(Stored items)

* * * * *

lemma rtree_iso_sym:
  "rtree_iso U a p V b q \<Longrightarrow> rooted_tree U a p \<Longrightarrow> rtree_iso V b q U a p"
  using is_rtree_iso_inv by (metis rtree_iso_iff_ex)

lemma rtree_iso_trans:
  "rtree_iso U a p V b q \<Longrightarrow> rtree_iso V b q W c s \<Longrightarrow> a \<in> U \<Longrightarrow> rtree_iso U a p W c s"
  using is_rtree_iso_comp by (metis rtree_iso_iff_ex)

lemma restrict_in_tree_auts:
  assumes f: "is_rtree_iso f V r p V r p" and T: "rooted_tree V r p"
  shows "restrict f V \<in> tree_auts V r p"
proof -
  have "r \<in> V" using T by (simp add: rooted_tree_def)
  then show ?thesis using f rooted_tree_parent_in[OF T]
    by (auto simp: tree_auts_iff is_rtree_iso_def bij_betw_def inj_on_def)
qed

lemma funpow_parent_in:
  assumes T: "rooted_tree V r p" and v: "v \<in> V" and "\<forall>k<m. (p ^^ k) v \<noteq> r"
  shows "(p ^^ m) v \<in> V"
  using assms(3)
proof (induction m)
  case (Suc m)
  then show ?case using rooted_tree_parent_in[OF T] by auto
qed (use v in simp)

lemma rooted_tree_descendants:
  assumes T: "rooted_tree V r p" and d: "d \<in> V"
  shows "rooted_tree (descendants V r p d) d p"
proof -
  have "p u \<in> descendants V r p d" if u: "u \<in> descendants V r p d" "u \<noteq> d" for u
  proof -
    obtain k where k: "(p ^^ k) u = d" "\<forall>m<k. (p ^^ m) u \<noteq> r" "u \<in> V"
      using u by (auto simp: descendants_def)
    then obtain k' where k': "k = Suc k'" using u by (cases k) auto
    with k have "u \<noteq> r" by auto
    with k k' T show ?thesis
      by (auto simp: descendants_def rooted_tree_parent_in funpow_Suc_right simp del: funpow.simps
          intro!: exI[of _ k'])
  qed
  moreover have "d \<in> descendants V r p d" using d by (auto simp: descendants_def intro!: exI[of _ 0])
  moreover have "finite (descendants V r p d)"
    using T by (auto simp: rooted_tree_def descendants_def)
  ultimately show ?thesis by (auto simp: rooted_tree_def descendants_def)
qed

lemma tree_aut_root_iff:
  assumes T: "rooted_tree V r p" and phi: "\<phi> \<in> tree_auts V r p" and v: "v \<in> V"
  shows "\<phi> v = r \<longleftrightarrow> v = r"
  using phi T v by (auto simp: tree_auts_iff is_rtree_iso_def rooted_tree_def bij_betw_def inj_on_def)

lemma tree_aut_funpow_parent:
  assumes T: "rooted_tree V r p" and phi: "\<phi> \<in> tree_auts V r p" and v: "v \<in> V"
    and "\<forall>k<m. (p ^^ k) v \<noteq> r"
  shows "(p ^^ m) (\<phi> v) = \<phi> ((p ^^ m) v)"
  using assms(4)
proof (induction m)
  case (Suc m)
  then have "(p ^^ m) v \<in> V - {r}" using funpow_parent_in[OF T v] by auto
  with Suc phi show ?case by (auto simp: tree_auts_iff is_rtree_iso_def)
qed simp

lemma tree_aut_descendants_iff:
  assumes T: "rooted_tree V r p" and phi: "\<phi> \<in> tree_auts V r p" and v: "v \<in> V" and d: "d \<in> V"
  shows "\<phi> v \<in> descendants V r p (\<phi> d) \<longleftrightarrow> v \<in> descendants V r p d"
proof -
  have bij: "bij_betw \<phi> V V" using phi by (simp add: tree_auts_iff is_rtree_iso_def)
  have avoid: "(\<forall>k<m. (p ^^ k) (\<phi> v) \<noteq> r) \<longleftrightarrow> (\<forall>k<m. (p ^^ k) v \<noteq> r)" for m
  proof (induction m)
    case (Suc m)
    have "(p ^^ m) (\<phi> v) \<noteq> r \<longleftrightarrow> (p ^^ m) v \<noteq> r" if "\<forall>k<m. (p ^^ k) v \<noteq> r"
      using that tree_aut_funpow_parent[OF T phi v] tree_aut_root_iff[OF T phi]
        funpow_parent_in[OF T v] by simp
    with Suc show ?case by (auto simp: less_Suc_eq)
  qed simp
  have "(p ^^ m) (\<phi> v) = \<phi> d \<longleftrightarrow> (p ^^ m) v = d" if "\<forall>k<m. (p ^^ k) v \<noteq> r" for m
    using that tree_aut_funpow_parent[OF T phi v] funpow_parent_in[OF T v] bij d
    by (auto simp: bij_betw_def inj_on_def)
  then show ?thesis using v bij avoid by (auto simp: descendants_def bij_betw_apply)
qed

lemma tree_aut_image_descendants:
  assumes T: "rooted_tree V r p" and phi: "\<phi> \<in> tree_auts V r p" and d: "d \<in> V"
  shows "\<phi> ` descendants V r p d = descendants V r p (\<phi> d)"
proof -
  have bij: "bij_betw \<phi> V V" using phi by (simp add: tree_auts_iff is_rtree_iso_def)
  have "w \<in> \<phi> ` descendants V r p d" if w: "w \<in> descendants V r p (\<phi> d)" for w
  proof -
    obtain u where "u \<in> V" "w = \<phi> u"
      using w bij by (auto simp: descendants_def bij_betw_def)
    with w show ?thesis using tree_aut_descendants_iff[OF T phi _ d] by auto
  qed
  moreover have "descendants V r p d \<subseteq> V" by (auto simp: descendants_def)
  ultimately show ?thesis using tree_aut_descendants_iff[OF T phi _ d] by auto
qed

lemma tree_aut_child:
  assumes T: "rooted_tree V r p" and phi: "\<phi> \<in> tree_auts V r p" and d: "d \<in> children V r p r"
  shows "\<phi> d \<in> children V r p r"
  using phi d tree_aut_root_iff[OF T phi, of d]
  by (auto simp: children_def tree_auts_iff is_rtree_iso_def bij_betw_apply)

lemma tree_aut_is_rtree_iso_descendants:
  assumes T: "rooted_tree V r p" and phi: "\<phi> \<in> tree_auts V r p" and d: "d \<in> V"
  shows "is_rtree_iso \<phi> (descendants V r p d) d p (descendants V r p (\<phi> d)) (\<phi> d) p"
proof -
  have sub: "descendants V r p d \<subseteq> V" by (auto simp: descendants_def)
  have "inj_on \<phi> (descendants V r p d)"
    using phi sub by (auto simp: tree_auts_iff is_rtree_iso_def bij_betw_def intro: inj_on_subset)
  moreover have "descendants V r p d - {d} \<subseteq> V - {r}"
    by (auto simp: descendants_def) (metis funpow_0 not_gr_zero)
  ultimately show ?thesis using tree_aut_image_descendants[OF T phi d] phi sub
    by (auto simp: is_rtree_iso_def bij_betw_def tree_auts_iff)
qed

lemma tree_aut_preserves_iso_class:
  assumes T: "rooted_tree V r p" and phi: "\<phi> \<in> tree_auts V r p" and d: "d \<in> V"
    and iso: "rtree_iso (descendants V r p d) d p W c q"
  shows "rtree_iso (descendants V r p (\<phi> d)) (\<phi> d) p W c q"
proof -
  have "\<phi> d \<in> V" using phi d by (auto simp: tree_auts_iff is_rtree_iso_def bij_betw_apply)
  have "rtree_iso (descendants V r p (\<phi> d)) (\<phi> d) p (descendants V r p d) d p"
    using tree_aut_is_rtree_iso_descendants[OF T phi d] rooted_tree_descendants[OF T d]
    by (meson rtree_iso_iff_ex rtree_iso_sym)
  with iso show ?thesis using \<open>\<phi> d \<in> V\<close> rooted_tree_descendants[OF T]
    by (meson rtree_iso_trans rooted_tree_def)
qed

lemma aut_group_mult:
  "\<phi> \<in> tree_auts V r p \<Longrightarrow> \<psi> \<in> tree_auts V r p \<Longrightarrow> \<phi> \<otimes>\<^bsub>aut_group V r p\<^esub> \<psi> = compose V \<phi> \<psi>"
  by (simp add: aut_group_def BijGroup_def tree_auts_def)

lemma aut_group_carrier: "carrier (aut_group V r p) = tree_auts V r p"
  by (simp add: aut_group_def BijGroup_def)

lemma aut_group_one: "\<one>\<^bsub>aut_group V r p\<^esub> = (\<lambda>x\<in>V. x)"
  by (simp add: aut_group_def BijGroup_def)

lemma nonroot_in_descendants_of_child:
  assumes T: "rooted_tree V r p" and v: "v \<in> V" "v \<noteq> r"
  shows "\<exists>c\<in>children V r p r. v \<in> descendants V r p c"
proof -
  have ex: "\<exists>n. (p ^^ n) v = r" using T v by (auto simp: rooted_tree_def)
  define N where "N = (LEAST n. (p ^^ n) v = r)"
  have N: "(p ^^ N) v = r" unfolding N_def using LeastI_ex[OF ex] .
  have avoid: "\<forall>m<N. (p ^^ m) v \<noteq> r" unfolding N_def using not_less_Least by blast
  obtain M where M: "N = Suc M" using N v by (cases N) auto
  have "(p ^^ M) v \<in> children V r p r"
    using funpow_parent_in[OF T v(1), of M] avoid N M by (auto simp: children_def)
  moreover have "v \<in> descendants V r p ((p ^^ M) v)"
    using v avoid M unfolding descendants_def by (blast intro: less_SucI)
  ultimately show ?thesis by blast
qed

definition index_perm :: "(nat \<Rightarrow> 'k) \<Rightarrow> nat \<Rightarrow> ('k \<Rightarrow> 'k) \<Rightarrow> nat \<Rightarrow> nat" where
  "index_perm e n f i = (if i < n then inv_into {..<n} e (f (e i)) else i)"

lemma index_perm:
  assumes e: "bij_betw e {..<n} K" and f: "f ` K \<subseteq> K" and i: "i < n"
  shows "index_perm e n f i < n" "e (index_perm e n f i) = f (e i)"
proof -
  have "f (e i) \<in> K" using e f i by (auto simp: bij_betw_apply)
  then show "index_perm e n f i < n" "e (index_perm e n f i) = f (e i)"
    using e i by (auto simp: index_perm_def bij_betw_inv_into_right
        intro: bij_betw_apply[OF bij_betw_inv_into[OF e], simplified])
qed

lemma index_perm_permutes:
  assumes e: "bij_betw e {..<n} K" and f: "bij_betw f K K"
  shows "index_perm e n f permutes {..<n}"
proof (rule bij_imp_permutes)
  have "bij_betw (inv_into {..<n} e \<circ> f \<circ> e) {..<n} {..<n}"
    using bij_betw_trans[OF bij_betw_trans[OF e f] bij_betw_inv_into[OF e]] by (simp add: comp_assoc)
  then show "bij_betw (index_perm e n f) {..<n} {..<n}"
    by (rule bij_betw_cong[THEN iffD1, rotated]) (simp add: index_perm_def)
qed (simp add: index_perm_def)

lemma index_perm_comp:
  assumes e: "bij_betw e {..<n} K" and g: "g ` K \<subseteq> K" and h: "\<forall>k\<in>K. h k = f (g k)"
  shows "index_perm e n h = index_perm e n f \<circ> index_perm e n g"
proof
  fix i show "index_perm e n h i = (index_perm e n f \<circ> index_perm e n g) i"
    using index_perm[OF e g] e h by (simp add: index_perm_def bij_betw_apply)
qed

* * * * *

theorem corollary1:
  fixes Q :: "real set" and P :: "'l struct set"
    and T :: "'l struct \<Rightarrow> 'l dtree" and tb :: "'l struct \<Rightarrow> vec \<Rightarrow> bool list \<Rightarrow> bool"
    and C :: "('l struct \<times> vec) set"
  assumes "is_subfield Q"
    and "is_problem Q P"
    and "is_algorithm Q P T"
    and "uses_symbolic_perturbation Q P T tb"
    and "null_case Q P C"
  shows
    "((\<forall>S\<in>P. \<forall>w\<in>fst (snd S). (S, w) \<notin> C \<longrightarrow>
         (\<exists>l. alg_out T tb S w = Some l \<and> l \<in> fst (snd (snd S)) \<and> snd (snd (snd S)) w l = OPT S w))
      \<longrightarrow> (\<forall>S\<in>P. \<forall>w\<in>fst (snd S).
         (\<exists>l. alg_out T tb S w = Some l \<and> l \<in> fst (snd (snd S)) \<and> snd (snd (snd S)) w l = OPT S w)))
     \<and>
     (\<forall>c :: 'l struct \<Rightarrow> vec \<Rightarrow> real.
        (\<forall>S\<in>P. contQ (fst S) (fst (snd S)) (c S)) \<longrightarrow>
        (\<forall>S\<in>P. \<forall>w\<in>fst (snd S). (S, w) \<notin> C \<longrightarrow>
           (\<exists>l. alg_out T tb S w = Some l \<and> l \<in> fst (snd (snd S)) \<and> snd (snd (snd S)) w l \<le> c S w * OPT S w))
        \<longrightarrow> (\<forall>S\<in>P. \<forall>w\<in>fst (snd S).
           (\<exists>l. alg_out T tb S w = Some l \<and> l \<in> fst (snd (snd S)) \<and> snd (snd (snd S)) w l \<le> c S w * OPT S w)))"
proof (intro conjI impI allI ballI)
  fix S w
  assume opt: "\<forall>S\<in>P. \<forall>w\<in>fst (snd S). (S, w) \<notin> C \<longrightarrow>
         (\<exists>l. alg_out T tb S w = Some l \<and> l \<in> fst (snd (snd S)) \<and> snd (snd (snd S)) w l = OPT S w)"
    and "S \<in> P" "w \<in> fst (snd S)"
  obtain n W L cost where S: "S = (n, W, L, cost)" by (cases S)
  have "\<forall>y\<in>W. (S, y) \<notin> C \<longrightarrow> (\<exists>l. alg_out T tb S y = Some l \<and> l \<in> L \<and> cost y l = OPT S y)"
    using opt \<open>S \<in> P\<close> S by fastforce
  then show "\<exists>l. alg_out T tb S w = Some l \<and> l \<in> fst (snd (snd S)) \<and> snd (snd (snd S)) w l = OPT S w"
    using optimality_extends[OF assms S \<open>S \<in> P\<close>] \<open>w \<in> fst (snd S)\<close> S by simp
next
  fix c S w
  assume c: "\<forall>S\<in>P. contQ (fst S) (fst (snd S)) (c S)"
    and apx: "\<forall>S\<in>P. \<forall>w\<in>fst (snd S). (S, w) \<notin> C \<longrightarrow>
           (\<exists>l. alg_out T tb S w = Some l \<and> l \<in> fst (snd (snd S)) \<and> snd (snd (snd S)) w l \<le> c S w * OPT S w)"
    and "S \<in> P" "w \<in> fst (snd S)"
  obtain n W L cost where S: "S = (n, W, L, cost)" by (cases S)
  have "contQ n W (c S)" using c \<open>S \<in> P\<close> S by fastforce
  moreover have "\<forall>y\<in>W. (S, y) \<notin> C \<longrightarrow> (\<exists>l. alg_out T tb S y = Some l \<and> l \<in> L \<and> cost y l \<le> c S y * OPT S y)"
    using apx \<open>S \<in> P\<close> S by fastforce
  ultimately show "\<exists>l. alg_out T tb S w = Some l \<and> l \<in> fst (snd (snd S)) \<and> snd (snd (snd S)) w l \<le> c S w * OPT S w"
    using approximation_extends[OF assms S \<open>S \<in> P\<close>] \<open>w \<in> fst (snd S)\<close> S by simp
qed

* * * * *

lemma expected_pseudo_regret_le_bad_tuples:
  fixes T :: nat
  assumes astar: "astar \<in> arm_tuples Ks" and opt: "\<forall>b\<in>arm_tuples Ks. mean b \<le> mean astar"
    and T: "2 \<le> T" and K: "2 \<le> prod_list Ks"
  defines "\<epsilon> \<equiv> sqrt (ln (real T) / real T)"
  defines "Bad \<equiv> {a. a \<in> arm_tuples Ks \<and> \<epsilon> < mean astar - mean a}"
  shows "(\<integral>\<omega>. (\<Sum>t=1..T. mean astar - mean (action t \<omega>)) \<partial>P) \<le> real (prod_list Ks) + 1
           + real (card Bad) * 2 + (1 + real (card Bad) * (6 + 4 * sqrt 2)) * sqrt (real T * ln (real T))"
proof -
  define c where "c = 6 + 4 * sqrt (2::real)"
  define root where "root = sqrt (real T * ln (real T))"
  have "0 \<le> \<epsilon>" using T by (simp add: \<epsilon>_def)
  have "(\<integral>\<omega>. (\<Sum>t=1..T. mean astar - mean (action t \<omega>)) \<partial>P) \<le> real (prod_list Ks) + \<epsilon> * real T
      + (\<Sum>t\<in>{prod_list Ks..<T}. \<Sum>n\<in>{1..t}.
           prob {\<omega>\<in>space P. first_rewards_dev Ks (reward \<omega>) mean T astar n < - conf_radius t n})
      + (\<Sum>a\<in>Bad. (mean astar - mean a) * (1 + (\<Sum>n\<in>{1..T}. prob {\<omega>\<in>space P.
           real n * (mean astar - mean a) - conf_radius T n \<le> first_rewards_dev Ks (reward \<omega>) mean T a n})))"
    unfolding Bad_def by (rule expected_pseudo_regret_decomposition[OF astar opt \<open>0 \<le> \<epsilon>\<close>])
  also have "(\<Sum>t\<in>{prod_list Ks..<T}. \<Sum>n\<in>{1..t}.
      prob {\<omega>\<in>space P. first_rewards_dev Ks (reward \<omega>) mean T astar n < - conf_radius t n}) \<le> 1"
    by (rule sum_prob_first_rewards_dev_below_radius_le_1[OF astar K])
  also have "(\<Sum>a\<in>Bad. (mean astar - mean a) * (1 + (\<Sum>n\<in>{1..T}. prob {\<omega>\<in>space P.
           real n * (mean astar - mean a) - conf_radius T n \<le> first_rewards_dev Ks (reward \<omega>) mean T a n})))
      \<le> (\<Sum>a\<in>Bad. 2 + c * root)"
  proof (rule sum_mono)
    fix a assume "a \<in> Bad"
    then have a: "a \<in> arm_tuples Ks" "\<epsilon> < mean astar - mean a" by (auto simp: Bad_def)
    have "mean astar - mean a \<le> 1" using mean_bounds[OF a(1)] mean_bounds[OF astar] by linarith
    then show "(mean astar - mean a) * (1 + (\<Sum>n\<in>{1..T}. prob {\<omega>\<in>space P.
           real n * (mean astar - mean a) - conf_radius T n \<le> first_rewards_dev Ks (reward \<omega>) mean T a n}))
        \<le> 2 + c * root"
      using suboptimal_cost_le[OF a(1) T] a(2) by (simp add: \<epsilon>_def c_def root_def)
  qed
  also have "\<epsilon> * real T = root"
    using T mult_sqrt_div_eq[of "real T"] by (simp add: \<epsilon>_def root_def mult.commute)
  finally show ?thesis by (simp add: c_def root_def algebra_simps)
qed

* * * * *

§ Task
Copy range, inclusive: the line holding "using e i by" to the line holding "(index_perm e n f)". Reproduce exactly those lines of the records above and no others.

§ Problem solution
    using e i by (auto simp: index_perm_def bij_betw_inv_into_right
        intro: bij_betw_apply[OF bij_betw_inv_into[OF e], simplified])
qed

lemma index_perm_permutes:
  assumes e: "bij_betw e {..<n} K" and f: "bij_betw f K K"
  shows "index_perm e n f permutes {..<n}"
proof (rule bij_imp_permutes)
  have "bij_betw (inv_into {..<n} e \<circ> f \<circ> e) {..<n} {..<n}"
    using bij_betw_trans[OF bij_betw_trans[OF e f] bij_betw_inv_into[OF e]] by (simp add: comp_assoc)
  then show "bij_betw (index_perm e n f) {..<n} {..<n}"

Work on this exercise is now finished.